* Records to process
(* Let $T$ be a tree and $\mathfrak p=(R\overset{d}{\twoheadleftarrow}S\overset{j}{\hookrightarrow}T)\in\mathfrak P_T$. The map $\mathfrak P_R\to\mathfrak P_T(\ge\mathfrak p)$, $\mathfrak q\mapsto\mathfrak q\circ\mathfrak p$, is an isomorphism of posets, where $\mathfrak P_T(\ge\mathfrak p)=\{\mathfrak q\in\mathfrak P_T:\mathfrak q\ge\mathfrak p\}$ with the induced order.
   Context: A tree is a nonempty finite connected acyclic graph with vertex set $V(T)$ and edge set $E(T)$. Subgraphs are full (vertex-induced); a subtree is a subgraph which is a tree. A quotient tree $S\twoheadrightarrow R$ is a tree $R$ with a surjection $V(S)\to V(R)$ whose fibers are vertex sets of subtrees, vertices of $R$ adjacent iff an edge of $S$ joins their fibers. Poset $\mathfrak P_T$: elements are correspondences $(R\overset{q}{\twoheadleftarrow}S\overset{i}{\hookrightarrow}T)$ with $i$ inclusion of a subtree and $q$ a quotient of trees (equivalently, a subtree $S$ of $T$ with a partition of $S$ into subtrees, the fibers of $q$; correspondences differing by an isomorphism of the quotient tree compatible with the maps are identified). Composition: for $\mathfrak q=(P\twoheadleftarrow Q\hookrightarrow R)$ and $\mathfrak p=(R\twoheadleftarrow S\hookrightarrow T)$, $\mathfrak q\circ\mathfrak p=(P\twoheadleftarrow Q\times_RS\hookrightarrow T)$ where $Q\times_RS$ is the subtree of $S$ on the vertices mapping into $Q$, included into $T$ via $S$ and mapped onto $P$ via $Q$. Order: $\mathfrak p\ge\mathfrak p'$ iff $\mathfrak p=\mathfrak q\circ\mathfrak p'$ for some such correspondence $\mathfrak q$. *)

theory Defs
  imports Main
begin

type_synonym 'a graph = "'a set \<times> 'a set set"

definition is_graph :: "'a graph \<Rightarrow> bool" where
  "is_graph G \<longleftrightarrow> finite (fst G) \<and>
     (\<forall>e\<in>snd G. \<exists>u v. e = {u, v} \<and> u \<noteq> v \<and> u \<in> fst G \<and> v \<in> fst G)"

...

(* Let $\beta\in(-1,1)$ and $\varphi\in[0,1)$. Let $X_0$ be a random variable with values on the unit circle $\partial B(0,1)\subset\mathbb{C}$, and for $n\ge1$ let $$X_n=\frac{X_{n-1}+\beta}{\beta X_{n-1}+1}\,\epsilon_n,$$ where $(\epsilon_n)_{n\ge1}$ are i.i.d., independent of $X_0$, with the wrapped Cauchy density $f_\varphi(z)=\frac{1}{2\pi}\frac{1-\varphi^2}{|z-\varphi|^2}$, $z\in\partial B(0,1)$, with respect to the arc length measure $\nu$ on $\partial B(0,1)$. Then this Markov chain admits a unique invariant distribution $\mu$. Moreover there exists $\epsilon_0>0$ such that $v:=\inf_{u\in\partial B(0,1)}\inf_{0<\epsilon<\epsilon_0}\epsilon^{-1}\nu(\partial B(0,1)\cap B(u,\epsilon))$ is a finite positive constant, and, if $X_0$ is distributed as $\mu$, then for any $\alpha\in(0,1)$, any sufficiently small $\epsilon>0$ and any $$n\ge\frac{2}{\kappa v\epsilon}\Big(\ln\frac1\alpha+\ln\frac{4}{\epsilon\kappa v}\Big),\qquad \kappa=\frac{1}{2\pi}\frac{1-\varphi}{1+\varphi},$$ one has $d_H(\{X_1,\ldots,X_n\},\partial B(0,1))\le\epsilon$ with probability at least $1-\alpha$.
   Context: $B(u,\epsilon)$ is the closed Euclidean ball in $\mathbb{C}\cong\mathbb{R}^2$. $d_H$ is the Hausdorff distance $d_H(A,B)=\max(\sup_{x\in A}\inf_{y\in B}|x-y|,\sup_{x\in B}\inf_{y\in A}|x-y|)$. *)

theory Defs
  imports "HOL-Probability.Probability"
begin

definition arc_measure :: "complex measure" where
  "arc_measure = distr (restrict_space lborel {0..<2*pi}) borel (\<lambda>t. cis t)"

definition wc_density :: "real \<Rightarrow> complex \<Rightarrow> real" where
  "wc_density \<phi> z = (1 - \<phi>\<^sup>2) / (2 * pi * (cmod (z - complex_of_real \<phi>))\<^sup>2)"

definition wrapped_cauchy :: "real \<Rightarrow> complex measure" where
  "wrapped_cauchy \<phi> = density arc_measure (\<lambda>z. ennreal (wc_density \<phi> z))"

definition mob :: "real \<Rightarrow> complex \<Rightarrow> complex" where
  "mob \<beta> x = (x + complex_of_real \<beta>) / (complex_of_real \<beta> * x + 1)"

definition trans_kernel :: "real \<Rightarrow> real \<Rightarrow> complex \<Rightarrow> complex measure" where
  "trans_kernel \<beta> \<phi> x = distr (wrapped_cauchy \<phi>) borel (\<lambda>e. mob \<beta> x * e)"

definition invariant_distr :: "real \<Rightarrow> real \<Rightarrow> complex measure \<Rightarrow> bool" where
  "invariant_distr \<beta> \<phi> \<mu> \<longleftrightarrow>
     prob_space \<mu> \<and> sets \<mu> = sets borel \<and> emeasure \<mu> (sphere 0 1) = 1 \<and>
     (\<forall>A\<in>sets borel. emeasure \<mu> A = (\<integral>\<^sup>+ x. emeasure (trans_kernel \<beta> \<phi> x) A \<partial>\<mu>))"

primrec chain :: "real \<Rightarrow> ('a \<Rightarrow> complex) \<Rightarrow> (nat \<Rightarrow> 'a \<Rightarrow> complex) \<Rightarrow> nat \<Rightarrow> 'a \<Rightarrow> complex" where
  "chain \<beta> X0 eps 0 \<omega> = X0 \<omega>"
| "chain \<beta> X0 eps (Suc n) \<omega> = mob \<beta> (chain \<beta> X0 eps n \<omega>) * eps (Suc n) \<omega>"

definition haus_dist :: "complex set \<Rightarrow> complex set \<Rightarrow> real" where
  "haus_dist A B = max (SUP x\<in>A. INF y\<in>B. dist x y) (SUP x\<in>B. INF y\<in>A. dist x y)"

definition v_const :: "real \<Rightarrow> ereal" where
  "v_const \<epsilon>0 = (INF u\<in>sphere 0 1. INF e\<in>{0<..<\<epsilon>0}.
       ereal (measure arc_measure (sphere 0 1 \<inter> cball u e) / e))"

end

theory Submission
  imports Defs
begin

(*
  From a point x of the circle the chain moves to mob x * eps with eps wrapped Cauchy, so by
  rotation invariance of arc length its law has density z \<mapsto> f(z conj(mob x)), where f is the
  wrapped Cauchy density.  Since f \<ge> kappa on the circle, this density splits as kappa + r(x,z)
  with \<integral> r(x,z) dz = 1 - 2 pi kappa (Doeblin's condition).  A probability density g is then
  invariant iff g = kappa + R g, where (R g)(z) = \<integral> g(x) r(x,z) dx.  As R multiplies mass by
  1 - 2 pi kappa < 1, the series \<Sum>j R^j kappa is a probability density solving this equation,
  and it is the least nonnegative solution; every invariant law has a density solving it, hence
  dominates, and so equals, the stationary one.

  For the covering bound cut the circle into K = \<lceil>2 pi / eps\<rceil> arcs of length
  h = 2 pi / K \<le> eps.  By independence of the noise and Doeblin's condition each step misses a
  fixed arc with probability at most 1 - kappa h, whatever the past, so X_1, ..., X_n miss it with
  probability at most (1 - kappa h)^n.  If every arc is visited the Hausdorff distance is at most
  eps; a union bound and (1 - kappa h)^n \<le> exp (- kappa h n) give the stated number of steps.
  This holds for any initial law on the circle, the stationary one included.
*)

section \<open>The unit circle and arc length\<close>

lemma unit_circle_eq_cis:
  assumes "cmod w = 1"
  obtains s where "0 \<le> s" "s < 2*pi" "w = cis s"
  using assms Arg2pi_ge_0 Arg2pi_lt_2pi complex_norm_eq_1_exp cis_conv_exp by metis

* Exercise description
Give back exactly the lines above starting at the line where "with \<integral> r(x,z)" appears and ending at the line where "h = 2 pi / K" appears, both included, with no other lines.

* Written answer
  with \<integral> r(x,z) dz = 1 - 2 pi kappa (Doeblin's condition).  A probability density g is then
  invariant iff g = kappa + R g, where (R g)(z) = \<integral> g(x) r(x,z) dx.  As R multiplies mass by
  1 - 2 pi kappa < 1, the series \<Sum>j R^j kappa is a probability density solving this equation,
  and it is the least nonnegative solution; every invariant law has a density solving it, hence
  dominates, and so equals, the stationary one.

  For the covering bound cut the circle into K = \<lceil>2 pi / eps\<rceil> arcs of length
  h = 2 pi / K \<le> eps.  By independence of the noise and Doeblin's condition each step misses a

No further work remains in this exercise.